Defendant admitted that he told police he did not touch Doe, but he said he only meant he did not touch her with sexual intent. He admitted that he is sexually attracted to young girls. He admitted that he molested J.G. and forcibly raped S.F., and that in both cases he was unable to resist his sexual urges. In 1987, when he was 29, defendant picked up 15-year-old hitchhiker, G.F., took her to a motel room, and forcibly raped her.

III. Verdict and Sentence

The jury found defendant guilty as charged and found the prior offense allegations to be true.

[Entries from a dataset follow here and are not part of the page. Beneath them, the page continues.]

(* Let $d = 2$, $m \geq 1$, $q \in \mathbb{R}^m$ with positive integer entries, $n = q_1 + \cdots + q_m$, and $\tilde Q = \mathrm{blockdiag}(q_1 I_{q_1}, \dots, q_m I_{q_m}) \in \mathbb{R}^{n\times n}$. For $X = (x_1,\dots,x_m) \in (\mathbb{S}^1)^m$ let $\tilde X \in (\mathbb{S}^1)^n$ consist of $x_1$ repeated $q_1$ times, then $x_2$ repeated $q_2$ times, ..., then $x_m$ repeated $q_m$ times. Let $f_m(X) = \frac12\langle qq^\top, \varphi(X^\top X)\rangle$ and $f_n(\tilde X) = \frac12\langle \mathbf{1}_n\mathbf{1}_n^\top, \varphi(\tilde X^\top\tilde X)\rangle$. If $X$ is a critical point of $f_m$, then $\tilde X$ is a critical point of $f_n$. Furthermore, let $M \in \mathbb{R}^{m\times m}$ have entries $m_{ij} = q_iq_j h(x_i^\top x_j)$, $D = \mathrm{diag}(M\mathbf{1}_m)$ with diagonal entries $d_{ii}$, and let $\tilde M \in \mathbb{R}^{n\times n}$ have entries $\tilde m_{ij} = h(\tilde x_i^\top \tilde x_j)$, where $h(t) = t\varphi'(t) - (1-t^2)\varphi''(t)$. If $\lambda_1,\dots,\lambda_{m-1},0$ are the eigenvalues of $L(M)$, then the eigenvalues of $\tilde Q^{1/2} L(\tilde M)\tilde Q^{1/2}$ are exactly $\lambda_1,\dots,\lambda_{m-1},0$ together with, for each $i = 1,\dots,m$, the value $d_{ii}$ with multiplicity $q_i - 1$ (accounting for all $n$ eigenvalues).
   Context: $\varphi$ is twice continuously differentiable on $[-1,1]$ and applied entrywise to matrices. $(\mathbb{S}^1)^k$ is the set of $2\times k$ real matrices with unit-norm columns. $\langle A,B\rangle = \mathrm{Tr}(A^\top B)$. For symmetric $M$, $L(M) = \mathrm{diag}(M\mathbf{1}) - M$. Criticality is for the Riemannian gradient on $(\mathbb{S}^1)^k$ with the Frobenius metric. (Note $L(M)\mathbf{1}=0$, so $0$ is always an eigenvalue of $L(M)$.) *)

theory Defs
  imports Complex_Main "Jordan_Normal_Form.Char_Poly"
begin

definition circles :: "nat \<Rightarrow> real mat set" where
  "circles k = {X. X \<in> carrier_mat 2 k \<and> (\<forall>j<k. col X j \<bullet> col X j = 1)}"

definition tr :: "real mat \<Rightarrow> real" where
  "tr A = (\<Sum>i<dim_row A. A $$ (i,i))"

definition frob :: "real mat \<Rightarrow> real mat \<Rightarrow> real" where
  "frob A B = tr (transpose_mat A * B)"

definition lap :: "real mat \<Rightarrow> real mat" where
  "lap M = mat (dim_row M) (dim_col M)
     (\<lambda>(i,j). (if i = j then (\<Sum>l<dim_col M. M $$ (i,l)) else 0) - M $$ (i,j))"
lemma card_positions_transpose:
  assumes "n \<le> p" "Suc p < r" "\<And>i. i < r \<Longrightarrow> g i = h (Transposition.transpose p (Suc p) i)"
  shows "card {i. n \<le> i \<and> i < r \<and> g i = j} = card {i. n \<le> i \<and> i < r \<and> h i = j}"
proof -
  let ?t = "Transposition.transpose p (Suc p)"
  have "{i. n \<le> i \<and> i < r \<and> g i = j} = ?t ` {i. n \<le> i \<and> i < r \<and> h i = j}"
  proof (rule set_eqI)
    fix i
    have "n \<le> ?t i \<and> ?t i < r \<longleftrightarrow> n \<le> i \<and> i < r"
      using assms(1,2) by (auto simp: Transposition.transpose_def)
    then show "i \<in> {i. n \<le> i \<and> i < r \<and> g i = j} \<longleftrightarrow> i \<in> ?t ` {i. n \<le> i \<and> i < r \<and> h i = j}"
      using assms(3)[of i] by (auto simp: in_transpose_image_iff)
  qed
  then show ?thesis
    by (simp add: card_image)
qed

lemma crowded_tail_local_move:
  assumes "crowded_tail N n m c j w" "n \<le> p" "Suc p < length w" "local_move w p v"
  shows "crowded_tail N n m c j v"
proof -
  obtain X Y where v: "v = set_pair w p X Y" and move: "pair_move (w ! p) (w ! Suc p) X Y"
    using assms(4) unfolding local_move_def by blast
  have A: "fst (w ! p) = m" "N - c + 1 \<le> snd (snd (w ! p))"
    and B: "fst (w ! Suc p) = m" "N - c + 1 \<le> snd (snd (w ! Suc p))"
    using assms(1-3) unfolding crowded_tail_def by auto
  have nth: "v ! i = (if i = p then X else if i = Suc p then Y else w ! i)" for i
    using assms(3) unfolding v set_pair_def by (simp add: nth_list_update)
  have len: "length v = length w"
    using assms(3) unfolding v by simp
  have "fst X = m" "fst Y = m" "N - c + 1 \<le> snd (snd X)" "N - c + 1 \<le> snd (snd Y)"
    using move A B unfolding pair_move_def pair_perm_def by auto
  then have tail: "\<forall>i. n \<le> i \<and> i < length v \<longrightarrow> fst (v ! i) = m \<and> N - c + 1 \<le> snd (snd (v ! i))"
    using assms(1) unfolding crowded_tail_def nth len by auto
  have "card {i. n \<le> i \<and> i < length v \<and> fst (snd (v ! i)) = j} = card {i. n \<le> i \<and> i < length w \<and> fst (snd (w ! i)) = j}"
  proof (cases "fst (snd X) = fst (snd (w ! p)) \<and> fst (snd Y) = fst (snd (w ! Suc p))")
    case True
    then have "fst (snd (v ! i)) = fst (snd (w ! i))" for i
      unfolding nth by simp
    then show ?thesis
      unfolding len by simp
  next
    case False
    then have "fst (snd X) = fst (snd (w ! Suc p))" "fst (snd Y) = fst (snd (w ! p))"
      using move unfolding pair_move_def pair_perm_def by auto
    then have "fst (snd (v ! i)) = fst (snd (w ! Transposition.transpose p (Suc p) i))" for i
      unfolding nth by (simp add: Transposition.transpose_def)
    then show ?thesis
      unfolding len using assms(2,3) by (intro card_positions_transpose)
  qed
  then show ?thesis
    using tail assms(1) unfolding crowded_tail_def by simp
qed

lemma crowded_tail_not_normal:
  assumes "valid_word N L r w" "crowded_tail N n m c j w" "normal_from N L n w"
  shows False
proof -
  let ?S = "{i. n \<le> i \<and> i < length w \<and> fst (snd (w ! i)) = j}"
  have "inj_on (\<lambda>i. snd (snd (w ! i))) ?S"
  proof (rule inj_onI)
    fix i i' assume i: "i \<in> ?S" and i': "i' \<in> ?S" and eq: "snd (snd (w ! i)) = snd (snd (w ! i'))"
    then have "w ! i = w ! i'"
      using assms(2) unfolding crowded_tail_def by (simp add: prod_eq_iff)
    show "i = i'"
    proof (rule ccontr)
      assume "i \<noteq> i'"
      then have "kidx N L (w ! i) \<noteq> kidx N L (w ! i')"
        using normal_from_chain[OF assms(3), of i i'] normal_from_chain[OF assms(3), of i' i] i i' by force
      then show False
        using \<open>w ! i = w ! i'\<close> by simp
    qed
  qed
  moreover have "(\<lambda>i. snd (snd (w ! i))) ` ?S \<subseteq> {N - c + 1..N}"
  proof
    fix e assume "e \<in> (\<lambda>i. snd (snd (w ! i))) ` ?S"
    then obtain i where i: "i \<in> ?S" "e = snd (snd (w ! i))"
      by blast
    then have "valid_entry N L (w ! i)"
      using assms(1) by (intro valid_word_nth) (auto simp: valid_word_def)
    then show "e \<in> {N - c + 1..N}"
      using i assms(2) unfolding crowded_tail_def valid_entry_def by auto
  qed
  ultimately have "card ?S \<le> card {N - c + 1..N}"
    by (rule card_inj_on_le) simp
  then show False
    using assms(2) unfolding crowded_tail_def by simp arith
qed

section \<open>The degree of normally ordered words\<close>

lemma kunder_eq_div:
  assumes "1 \<le> N" "1 \<le> L"
  shows "kunder N L k = (- k) div (int N * int L)"
proof -
  define t where "t = - ((k - 1) div int N)"
  have Npos: "int N > 0"
    using assms by simp
  have mod: "k - 1 = int N * ((k - 1) div int N) + (k - 1) mod int N"
    by simp
  have t1: "(kbar N k - k) div int N = t"
  proof -
    have "kbar N k - k = int N * t"
      using mod unfolding kbar_def t_def by (simp add: algebra_simps)
    then show ?thesis
      using Npos by simp
  qed
  have ku: "kunder N L k = (t - 1) div int L"
  proof -
    have "t - 1 = int L * ((t - 1) div int L) + (t - 1) mod int L"
      by simp
    then have "t - kdot N L k = int L * ((t - 1) div int L)"
      unfolding kdot_def t1 by (simp add: algebra_simps)
    then show ?thesis
      unfolding kunder_def t1 using assms by simp
  qed
  have div_N: "(- k) div int N = t - 1"
  proof (rule int_div_pos_eq[where r = "int N - 1 - (k - 1) mod int N"])
    show "- k = int N * (t - 1) + (int N - 1 - (k - 1) mod int N)"
      using mod unfolding t_def by (simp add: algebra_simps)
    show "0 \<le> int N - 1 - (k - 1) mod int N" "int N - 1 - (k - 1) mod int N < int N"
      using pos_mod_bound[OF Npos, of "k - 1"] pos_mod_sign[OF Npos, of "k - 1"] by linarith+
  qed
  have "(- k) div (int N * int L) = (- k) div int N div int L"
    by (rule zdiv_zmult2_eq) simp
  then show ?thesis
    unfolding ku div_N by simp
qed

lemma kunder_antimono: "1 \<le> N \<Longrightarrow> 1 \<le> L \<Longrightarrow> k \<le> k' \<Longrightarrow> kunder N L k' \<le> kunder N L k"
  by (simp add: kunder_eq_div zdiv_mono1)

The court granted defendant's Romero motion to strike two prior "strikes" in the interest of justice and sentenced him to a term of 35 years to life. Defendant timely appealed.

People v. Superior Court (Romero) (1996) 13 Cal.4th 497.


I. Sufficient Evidence Supports the Verdict

Penal Code section 288, subdivision (a) makes it a felony to commit a lewd or lascivious act on a child under 14. To convict under this provision, the state must prove the defendant's act was accomplished "with the intent of arousing, appealing to, or gratifying the lust, passions, or sexual desires of that person or the child." (Pen. Code, § 288, subd. (a).) Defendant contends the evidence was insufficient to prove he acted with the required lewd intent. We disagree.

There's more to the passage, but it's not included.